Distributive drainage systems.
Jaime Ordóñez, Raquel Duque, Luis A. Camacho
Tuesday 30 june 2015
9:45 - 10:00h
at Oceania (level 0)
Themes: (ST) River morphodynamics, (T) Sediment management and morphodynamics
Parallel session: 4B. Sediment - River
INTRODUCTION Natural Drainage on the earth Surface occurs along channels that transport the excess of runoff that cannot be infiltrated or evaporated by the subsoil or retained in Surface and subsurface basins. These channels transport also the volume of sediments that are produced by erosion in the mountain sides and the interaction between these two elements in the presence of vegetation and geologic structure define the size and shape of the drainage systems and the watersheds themselves.

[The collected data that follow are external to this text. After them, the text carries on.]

(* For any wall $W$ in a reflection domain $\Omega$, we have $\mathbf{Hc}_+(W)^* = \mathbf{Hc}_-(W^* )$, where $\mathbf{Hc}_\pm$ denotes the positive/negative half-cone and ${}^*$ denotes the dual domain (on the left) and the dual wall (on the right).
   Context: Let $(C,S)$ be an infinite irreducible right-angled Coxeter system, $V=\mathbb{R}^{|S|}$, and $\rho\colon C\to \mathrm{SL}^{\pm}(V)$ a simplicial representation (each generator $s$ acts by the reflection $\mathrm{id}-v_s\otimes\alpha_s$, with $\alpha_s(v_t)$ the entries of a nonsingular Cartan matrix), so that the dual representation $\rho^*$ on $V^*$ is again simplicial. Let $\tilde\Delta=\{x\in V:\alpha_s(x)\le 0\ \forall s\in S\}$. A reflection domain $\Omega$ is a $\rho$-invariant nonempty convex domain contained in the Vinberg domain (projectivized interior of $\bigcup_{\gamma}\rho(\gamma)\tilde\Delta$); it is the projectivization of an invariant convex cone $\tilde\Omega$, and we set $\tilde\Delta_\Omega=\tilde\Delta\cap\tilde\Omega$. The dual domain of a properly convex domain $\Omega$ is the projectivization $\Omega^*\subset\mathbb{P}(V^* )$ of $\tilde\Omega^*=\{w\in V^*: w(x)<0\ \forall x\in\overline{\tilde\Omega}\setminus\{0\}\}$; $\Omega^*$ is a reflection domain for $\rho^*$. A wall $W$ in $\Omega$ is the fixed-point set in $\Omega$ of a reflection $\rho(\gamma)=\mathrm{id}-v\otimes\alpha$ ($\gamma\in C$ a reflection, $\alpha(v)=2$), with signs normalized so that $\alpha\le 0$ on $\tilde\Delta_\Omega$; $v$ is its polar. The positive half-cone $\mathbf{Hc}_+(W)$ is the projectivization of the interior of the convex hull of $\ker(\alpha)\cap\tilde\Omega$ and $v$; the negative half-cone $\mathbf{Hc}_-(W)$ is defined the same way with $v$ replaced by $-v$. The dual wall $W^*$ is the wall in $\Omega^*$ fixed by the reflection $\rho^*(\gamma)$, and half-cones over walls in $\Omega^*$ are defined in the same way for the simplicial representation $\rho^*$ (with the roles of $v_s$ and $\alpha_s$ exchanged). Half-cones are properly convex domains, so their duals $\mathbf{Hc}_\pm(W)^*\subset\mathbb{P}(V^* )$ are defined. *)

theory Defs
  imports "HOL-Analysis.Analysis"
begin

text \<open>The generating set S is a finite type 's; V = real^'s.
  Linear functionals on V (elements of V^*) are also represented by vectors in real^'s,
  via the pairing w(x) = w \<bullet> x.  Matrices act on the left via *v.\<close>

definition outer :: "real^'n \<Rightarrow> real^'n \<Rightarrow> real^'n^'n" where
  "outer v a = (\<chi> i j. v $ i * a $ j)"

definition refl_mat :: "real^'n \<Rightarrow> real^'n \<Rightarrow> real^'n^'n" where
  "refl_mat v a = mat 1 - outer v a"

definition cartan :: "('s \<Rightarrow> real^'s) \<Rightarrow> ('s \<Rightarrow> real^'s) \<Rightarrow> 's \<Rightarrow> 's \<Rightarrow> real" where
  "cartan vs al s t = al s \<bullet> vs t"

text \<open>(vs, al) defines a simplicial representation of the right-angled Coxeter system whose
  Coxeter matrix is m_st = 2 if A_st = 0 and m_st = \<infinity> otherwise (s \<noteq> t):
  Vinberg's conditions for a right-angled Coxeter system, plus nonsingularity.\<close>
definition simplicial_ra :: "('s::finite \<Rightarrow> real^'s) \<Rightarrow> ('s \<Rightarrow> real^'s) \<Rightarrow> bool" where
  "simplicial_ra vs al \<longleftrightarrow>
     (\<forall>s. cartan vs al s s = 2) \<and>
     (\<forall>s t. s \<noteq> t \<longrightarrow> cartan vs al s t \<le> 0) \<and>
     (\<forall>s t. cartan vs al s t = 0 \<longleftrightarrow> cartan vs al t s = 0) \<and>
     (\<forall>s t. s \<noteq> t \<and> cartan vs al s t \<noteq> 0 \<longrightarrow> cartan vs al s t * cartan vs al t s \<ge> 4) \<and>
     det (\<chi> s t. cartan vs al s t) \<noteq> 0"

text \<open>Irreducibility of the right-angled Coxeter system: its Coxeter graph (edges where
  m_st = \<infinity>, i.e. A_st \<noteq> 0) is connected.\<close>
definition irreducible_ra :: "('s::finite \<Rightarrow> real^'s) \<Rightarrow> ('s \<Rightarrow> real^'s) \<Rightarrow> bool" where
  "irreducible_ra vs al \<longleftrightarrow> {(s, t). s \<noteq> t \<and> cartan vs al s t \<noteq> 0}\<^sup>* = UNIV"

inductive_set rho_group :: "('s::finite \<Rightarrow> real^'s) \<Rightarrow> ('s \<Rightarrow> real^'s) \<Rightarrow> (real^'s^'s) set"
  for vs al where
  one: "mat 1 \<in> rho_group vs al"
| gen: "g \<in> rho_group vs al \<Longrightarrow> refl_mat (vs s) (al s) ** g \<in> rho_group vs al"

definition rho_reflections :: "('s::finite \<Rightarrow> real^'s) \<Rightarrow> ('s \<Rightarrow> real^'s) \<Rightarrow> (real^'s^'s) set" where
  "rho_reflections vs al =
     {g ** refl_mat (vs s) (al s) ** matrix_inv g | g s. g \<in> rho_group vs al}"

definition dual_mat :: "real^'n^'n \<Rightarrow> real^'n^'n" where
  "dual_mat g = transpose (matrix_inv g)"

definition chamber :: "('s::finite \<Rightarrow> real^'s) \<Rightarrow> (real^'s) set" where
  "chamber al = {x. \<forall>s. al s \<bullet> x \<le> 0}"

text \<open>The Vinberg cone (its projectivization is the Vinberg domain).\<close>
definition vinberg_cone :: "('s::finite \<Rightarrow> real^'s) \<Rightarrow> ('s \<Rightarrow> real^'s) \<Rightarrow> (real^'s) set" where
  "vinberg_cone vs al = interior (\<Union>g\<in>rho_group vs al. (\<lambda>x. g *v x) ` chamber al)"

text \<open>An open convex cone not containing 0 (the lift of a convex domain of projective space).\<close>
definition open_convex_cone :: "('a::real_normed_vector) set \<Rightarrow> bool" where
  "open_convex_cone K \<longleftrightarrow> open K \<and> convex K \<and> K \<noteq> {} \<and> 0 \<notin> K \<and>
     (\<forall>x\<in>K. \<forall>t>0. t *\<^sub>R x \<in> K)"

Despite the variety of patterns that such interaction is likely to produce, given the variety of geological structure, soil and vegetation types, climatic and erosive conditions, most natural drainage systems in the literature have a contributive nature, that is, small watersheds within a bigger one always tend to coalesce in systems where the liquid and solid discharges increase in the downstream direction due to the confluence of their channels. These systems occur mostly in high mountain areas, and in the wide alluvial valleys confined by mountains; the only exceptions occur in alluvial cones and piedmont bands formed by imbricating cones along the mountain chains. In the majority of septentrional and austral areas, with arid and semi-arid climates, alluvial cones are a very small part of watersheds, and tend to be over sighted, due to the low human occupancy and the minor importance they have on large engineering projects In tropical countries, alluvial cones and other zones of distributive drainage have Surface areas that are significantly larger and can easily be the location of large Engineering projects such as roads, oil ducts, airports, cities and so on. CASE STUDIES The extensive alluvial cone of the Pirai River in Bolivia, offers a typical example of the problematic situation of these distributive systems. Another typical example is the Arauca River in Colombia, and the difluence of the Bayonero branch and the Caño Limón branch of the later. CONCLUSION Distributive drainage systems usual in alluvial fans, continental and ocean deltas, present serious difficulties for the construction of large Engineering projects, particularly in large piedmont fans (Surface area over 1000 Km2). The study and proper characterization of these systems is indispensable for the success of many engineering works in America.